His daughter Tamsin Geach has reported that Peter Geach has passed away Saturday. He was 91 years old. In his long and fruitful career Geach had made a number of important contributions to the philosophies of logic, language, and mind, and to the interpretation of Frege, Wittgenstein and Aquinas.
Geach is now probably best known for providing the canonical statement of the embedding problem: for theories that deny that certain classes of statements are factual (capable of being true or false), like expressivism says about moral claims, it is a problem that these statements can be embedded within logical inferences. The expressivist understands 'don't torture the cat' as something like 'boo to torturing the cat!'. But you can make an argument like 'if it is wrong to torture the cat, it is wrong to get someone else to torture the cat; since it's wrong to torture the cat, it's wrong to get someone else to torture the cat'. This looks for all the world like a straightforward inference, the but expressivist can't say this, because you need truth-apt statements to make an argument, and they deny that claims like 'it is wrong to torture the cat' could be true or false. So, the expressivist can't explain a large amount of things that we normally say without any problem.

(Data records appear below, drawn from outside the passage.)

lemma indicator_Sset_div_abs:
  assumes "0 < c"
  shows "indicator (Sset c) (\<gamma> / \<bar>t\<bar>) = (indicator (annulus c \<bar>\<gamma>\<bar>) t :: real)"
proof (cases "t = 0")
  case True
  then show ?thesis using assms by (auto simp: Sset_def annulus_def indicator_def)
next
  case False
  then have "0 < c * \<bar>t\<bar>" using assms by simp
  then have "\<gamma> / \<bar>t\<bar> \<in> Sset c \<longleftrightarrow> t \<in> annulus c \<bar>\<gamma>\<bar>"
    using assms False
    by (cases "0 \<le> \<gamma>"; auto simp: Sset_def annulus_def field_simps;
        use \<open>0 < c * \<bar>t\<bar>\<close> in linarith)
  then show ?thesis by (simp add: indicator_def)
qed

lemma Kop_eq_integral_annulus:
  assumes "0 < c"
  shows "Kop c f \<gamma> = (\<integral>t. f t * indicator (annulus c \<bar>\<gamma>\<bar>) t \<partial>lborel)"
  unfolding Kop_def using indicator_Sset_div_abs[OF assms] by simp

lemma Kop_eq_0_near_0:
  assumes "0 < c" "\<And>t. \<bar>t\<bar> < \<delta> \<Longrightarrow> f t = 0" "\<bar>\<gamma>\<bar> < c * \<delta>"
  shows "Kop c f \<gamma> = 0"
proof -
  have "\<bar>\<gamma>\<bar> / c < \<delta>" using assms by (simp add: field_simps)
  then have "f t * indicator (annulus c \<bar>\<gamma>\<bar>) t = 0" for t
    using assms(2) by (auto simp: annulus_def indicator_def)
  then have "(\<lambda>t. f t * indicator (annulus c \<bar>\<gamma>\<bar>) t) = (\<lambda>t. 0)" by (rule ext)
  then show ?thesis by (simp add: Kop_eq_integral_annulus[OF assms(1)])
qed

lemma integral_annulus_eq_interval_integrals:
  fixes f :: "real \<Rightarrow> real"
  assumes f: "continuous_on UNIV f" and c: "0 < c" "c < 1" and r: "0 < r"
  shows "(\<integral>t. f t * indicator (annulus c r) t \<partial>lborel)
           = (LBINT t=r..r/c. f t) + (LBINT t=-(r/c)..-r. f t)"
proof -
  have "r < r / c" using c r by (simp add: field_simps)
  have interval_integral_eq: "(LBINT t=a..b. f t) = (\<integral>t. f t * indicator {a<..<b} t \<partial>lborel)"
    and integrable: "integrable lborel (\<lambda>t. f t * indicator {a<..<b} t)"
    if "a \<le> b" for a b :: real
  proof -
    show "(LBINT t=a..b. f t) = (\<integral>t. f t * indicator {a<..<b} t \<partial>lborel)"
      using that by (simp add: interval_lebesgue_integral_def
          set_lebesgue_integral_def mult.commute)
    have "set_integrable lborel {a..b} f"
      by (rule borel_integrable_atLeastAtMost') (rule continuous_on_subset[OF f], simp)
    then have "set_integrable lborel {a<..<b} f"
      by (rule set_integrable_subset) auto
    then show "integrable lborel (\<lambda>t. f t * indicator {a<..<b} t)"
      by (simp add: set_integrable_def mult.commute)
  qed
  have "(\<integral>t. f t * indicator (annulus c r) t \<partial>lborel)
      = (\<integral>t. f t * indicator {r<..<r/c} t + f t * indicator {-(r/c)<..<-r} t \<partial>lborel)"
    by (rule integral_discrete_difference[where X = "{r, -r}"])
      (use \<open>r < r / c\<close> r in \<open>auto simp: annulus_def indicator_def abs_if\<close>)
  also have "\<dots> = (LBINT t=r..r/c. f t) + (LBINT t=-(r/c)..-r. f t)"
    using \<open>r < r / c\<close> by (simp add: interval_integral_eq integrable)
  finally show ?thesis .
qed

lemma interval_integral_eq_primitive_diff:
  fixes f :: "real \<Rightarrow> real" and a b x\<^sub>0 :: real
  assumes "continuous_on UNIV f"
  shows "(LBINT t=a..b. f t) = (LBINT t=x\<^sub>0..b. f t) - (LBINT t=x\<^sub>0..a. f t)"
  using continuous_on_subset[OF assms] has_real_derivative_primitive[OF assms]
  by (intro interval_integral_FTC_finite)
    (auto simp: has_real_derivative_iff_has_vector_derivative has_vector_derivative_at_within)

lemma Kop_eq_primitive_diffs:
  fixes f :: "real \<Rightarrow> real"
  assumes f: "continuous_on UNIV f" and c: "0 < c" "c < 1" and "\<gamma> \<noteq> 0"
  defines "P \<equiv> \<lambda>u. LBINT t=0..u. f t"
  shows "Kop c f \<gamma> = (P (\<bar>\<gamma>\<bar> / c) - P \<bar>\<gamma>\<bar>) + (P (-\<bar>\<gamma>\<bar>) - P (-(\<bar>\<gamma>\<bar> / c)))"
proof -
  have primitive_diff: "(LBINT t=a..b. f t) = P b - P a" for a b :: real
    unfolding P_def using interval_integral_eq_primitive_diff[OF f, of a b 0]
    by (simp add: zero_ereal_def)
  show ?thesis
    using Kop_eq_integral_annulus[OF c(1)] integral_annulus_eq_interval_integrals[OF f c]
      \<open>\<gamma> \<noteq> 0\<close> by (simp add: primitive_diff)
qed

lemma Ck_Kop:
  fixes f :: "real \<Rightarrow> real"
  assumes c: "0 < c" "c < 1" and f: "Ck k f"
    and \<delta>: "0 < \<delta>" "\<And>t. \<bar>t\<bar> < \<delta> \<Longrightarrow> f t = 0"
  shows "Ck (Suc k) (Kop c f)"
proof -
  define P where "P = (\<lambda>u. LBINT t=0..u. f t)"
  define G where "G = (\<lambda>r. (P ((1/c) * r) - P r) + (P ((-1) * r) - P ((-1/c) * r)))"
  have "Ck (Suc k) P" unfolding P_def using Ck_primitive[OF f, of 0] by (simp add: zero_ereal_def)
  then have G: "Ck (Suc k) G"
    unfolding G_def by (intro Ck_add Ck_diff Ck_compose_scale)
  have Kop_eq_G: "Kop c f \<gamma> = G \<bar>\<gamma>\<bar>" if "\<gamma> \<noteq> 0" for \<gamma>
    using Kop_eq_primitive_diffs[OF Ck_imp_continuous_on[OF f] c that]
    unfolding G_def P_def by simp
  show ?thesis
  proof (rule Ck_local)
    fix x :: real
    consider "0 < x" | "x < 0" | "x = 0" by linarith
    then show "\<exists>U v. open U \<and> x \<in> U \<and> Ck (Suc k) v \<and> (\<forall>y\<in>U. Kop c f y = v y)"
    proof cases
      case 1
      then show ?thesis
        using G Kop_eq_G by (intro exI[of _ "{0<..}"] exI[of _ G]) auto
    next
      case 2
      then show ?thesis
        using Ck_compose_scale[OF G, of "-1"] Kop_eq_G
        by (intro exI[of _ "{..<0}"] exI[of _ "\<lambda>y. G (-1 * y)"]) auto
    next
      case 3
      have "0 < c * \<delta>" using c \<delta> by simp
      moreover have "Kop c f y = 0" if "y \<in> {-(c * \<delta>)<..<c * \<delta>}" for y
        using Kop_eq_0_near_0[OF c(1) \<delta>(2)] that by (auto simp: abs_less_iff)
      ultimately show ?thesis
        using 3 Ck_const by (intro exI[of _ "{-(c * \<delta>)<..<c * \<delta>}"] exI[of _ "\<lambda>y. 0"]) auto
    qed
  qed
qed

lemma powi_bracket:
  fixes c s :: real
  assumes "0 < c" "c < 1" "0 < s"
  shows "\<exists>j::int. c powi j \<le> s \<and> s < c powi (j - 1)"
proof -
  define j where "j = \<lceil>log c s\<rceil>"
  have powr_log: "c powr log c s = s" using assms by simp
  have powr_of_int: "c powr real_of_int i = c powi i" for i
    using assms by (simp add: powr_real_of_int')
  have "c powr real_of_int j \<le> c powr log c s"
    using assms by (intro powr_mono') (auto simp: j_def)
  moreover have "c powr log c s < c powr real_of_int (j - 1)"
    using assms ceiling_correct[of "log c s"] by (intro powr_less_mono') (auto simp: j_def)
  ultimately show ?thesis
    by (simp only: powr_log powr_of_int) blast
qed

lemma integral_abs_outside_tendsto_0:
  fixes f :: "'a \<Rightarrow> real"
  assumes f: "integrable M f" and W: "\<And>n. W n \<in> sets M"
    and exhaust: "AE x in M. eventually (\<lambda>n. x \<in> W n) sequentially"
  shows "(\<lambda>n. \<integral>x. \<bar>f x\<bar> * indicator (space M - W n) x \<partial>M) \<longlonglongrightarrow> 0"
proof -
  have "(\<lambda>n. \<integral>x. \<bar>f x\<bar> * indicator (space M - W n) x \<partial>M) \<longlonglongrightarrow> (\<integral>x. 0 \<partial>M)"
  proof (rule integral_dominated_convergence[where w = "\<lambda>x. \<bar>f x\<bar>"])
    show "AE x in M. (\<lambda>n. \<bar>f x\<bar> * indicator (space M - W n) x) \<longlonglongrightarrow> 0"
      using exhaust
    proof eventually_elim
      case (elim x)
      then have "eventually (\<lambda>n. \<bar>f x\<bar> * indicator (space M - W n) x = 0) sequentially"
        by eventually_elim simp
      then show ?case by (rule tendsto_eventually)
    qed
  qed (use f W in \<open>auto simp: indicator_def\<close>)
  then show ?thesis by simp
qed

lemma has_sum_integral_disjoint_family:
  fixes f :: "'a \<Rightarrow> real" and A :: "'i::countable \<Rightarrow> 'a set"
  assumes f: "integrable M f" and A: "\<And>j. A j \<in> sets M"
    and disj: "disjoint_family A" and cover: "AE x in M. \<exists>j. x \<in> A j"
  shows "((\<lambda>j. \<integral>x. f x * indicator (A j) x \<partial>M) has_sum (\<integral>x. f x \<partial>M)) UNIV"
proof -
  define W where "W n = (\<Union>m\<le>n. A (from_nat m))" for n
  have W: "W n \<in> sets M" for n
    unfolding W_def using A by auto
  have partial_sum: "(\<Sum>j\<in>F. \<integral>x. f x * indicator (A j) x \<partial>M)
      = (\<integral>x. f x * indicator (\<Union>(A ` F)) x \<partial>M)" if "finite F" for F
  proof -
    have "(\<Sum>j\<in>F. \<integral>x. f x * indicator (A j) x \<partial>M) = (\<integral>x. (\<Sum>j\<in>F. f x * indicator (A j) x) \<partial>M)"
      using integrable_real_mult_indicator[OF A f] by (simp add: Bochner_Integration.integral_sum)
    also have "\<dots> = (\<integral>x. f x * indicator (\<Union>(A ` F)) x \<partial>M)"
    proof (rule Bochner_Integration.integral_cong[OF refl])
      fix x
      have "disjoint_family_on A F" by (rule disjoint_family_on_mono[OF subset_UNIV disj])
      then have "indicator (\<Union>(A ` F)) x = (\<Sum>j\<in>F. indicator (A j) x :: real)"
        by (rule indicator_UN_disjoint[OF \<open>finite F\<close>])
      then show "(\<Sum>j\<in>F. f x * indicator (A j) x) = f x * indicator (\<Union>(A ` F)) x"
        by (simp add: sum_distrib_left)
    qed
    finally show ?thesis .
  qed
  have "AE x in M. eventually (\<lambda>n. x \<in> W n) sequentially"
    using cover
  proof eventually_elim
    case (elim x)
    then obtain j where "x \<in> A j" by blast
    then have "x \<in> W n" if "to_nat j \<le> n" for n
      using that unfolding W_def by (intro UN_I[of "to_nat j"]) simp_all
    then show ?case unfolding eventually_sequentially by blast
  qed
  then have tail: "(\<lambda>n. \<integral>x. \<bar>f x\<bar> * indicator (space M - W n) x \<partial>M) \<longlonglongrightarrow> 0"
    by (rule integral_abs_outside_tendsto_0[OF f W])
  show ?thesis
    unfolding has_sum_def
  proof (rule tendstoI)
    fix e :: real assume "0 < e"
    then obtain n where n: "(\<integral>x. \<bar>f x\<bar> * indicator (space M - W n) x \<partial>M) < e"
      using order_tendstoD(2)[OF tail] by (auto simp: eventually_sequentially)
    have "dist (\<Sum>j\<in>F. \<integral>x. f x * indicator (A j) x \<partial>M) (\<integral>x. f x \<partial>M) < e"
      if F: "finite F" "from_nat ` {..n} \<subseteq> F" for F
    proof -
      have "\<Union>(A ` F) \<in> sets M" using A F by auto
      then have int_U: "integrable M (\<lambda>x. f x * indicator (\<Union>(A ` F)) x)"
        by (rule integrable_real_mult_indicator[OF _ f])
      have "space M - W n \<in> sets M" using W by blast
      then have int_tail: "integrable M (\<lambda>x. \<bar>f x\<bar> * indicator (space M - W n) x)"
        by (rule integrable_real_mult_indicator[OF _ integrable_abs[OF f]])
      have "dist (\<Sum>j\<in>F. \<integral>x. f x * indicator (A j) x \<partial>M) (\<integral>x. f x \<partial>M)
          = \<bar>\<integral>x. f x - f x * indicator (\<Union>(A ` F)) x \<partial>M\<bar>"
        using partial_sum[OF F(1)] Bochner_Integration.integral_diff[OF f int_U]
        by (simp add: dist_real_def abs_minus_commute)
      also have "\<dots> \<le> (\<integral>x. \<bar>f x - f x * indicator (\<Union>(A ` F)) x\<bar> \<partial>M)"
        by (rule integral_abs_bound)
      also have "\<dots> \<le> (\<integral>x. \<bar>f x\<bar> * indicator (space M - W n) x \<partial>M)"
      proof (rule integral_mono)
        show "integrable M (\<lambda>x. \<bar>f x - f x * indicator (\<Union>(A ` F)) x\<bar>)"
          using f int_U by auto
        have "W n \<subseteq> \<Union>(A ` F)" using F unfolding W_def by blast
        then show "\<bar>f x - f x * indicator (\<Union>(A ` F)) x\<bar> \<le> \<bar>f x\<bar> * indicator (space M - W n) x"
          if "x \<in> space M" for x
          using that by (auto simp: indicator_def)
      qed (rule int_tail)
      also have "\<dots> < e" by (rule n)
      finally show ?thesis .
    qed
    then show "\<forall>\<^sub>F F in finite_subsets_at_top UNIV.
        dist (\<Sum>j\<in>F. \<integral>x. f x * indicator (A j) x \<partial>M) (\<integral>x. f x \<partial>M) < e"
      unfolding eventually_finite_subsets_at_top by (intro exI[of _ "from_nat ` {..n}"]) blast
  qed
qed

Geach was married to the late Elizabeth Anscombe, and together the two of them did as much as anybody else to improve our understanding of propositions and propositional attitudes, and to flesh out our understanding of intelligent actions. They both were converts to Catholicism and tirelessly worked within its intellectual tradition, trying to bring the work of especially Thomas Aquinas to modern attention and prominence. Geach was honoured by the Pope for his work.
I'd like to suggest to you a characteristically short and incisive paper of his, 'Good and Evil', wherein Geach introduced a distinction which still continues to bear fruit in meta-ethics and value theory. Geach asks us to distinguish *attributive* from *predicative* adjectives, with predicative adjectives like 'yellow' and 'round' being ones where 'something is an x y' means it is an x and it is a y (a yellow apple is both an apple and yellow), whereas this is not true for attributive predicates like 'large' and 'tall'--a large flea is not large. Geach suggests that 'good' and similar evaluative adjectives are attributive and not predicative. This would mean that analyses like those of GE Moore miss their target ('yellow' was the adjective Moore compared 'good' to), and that to make an evaluation of something means that you are comparing it with some appropriate class of things (a large flea is large compared to other fleas, but not as compared to chairs, tables, dogs, humans, boats, houses, and so on).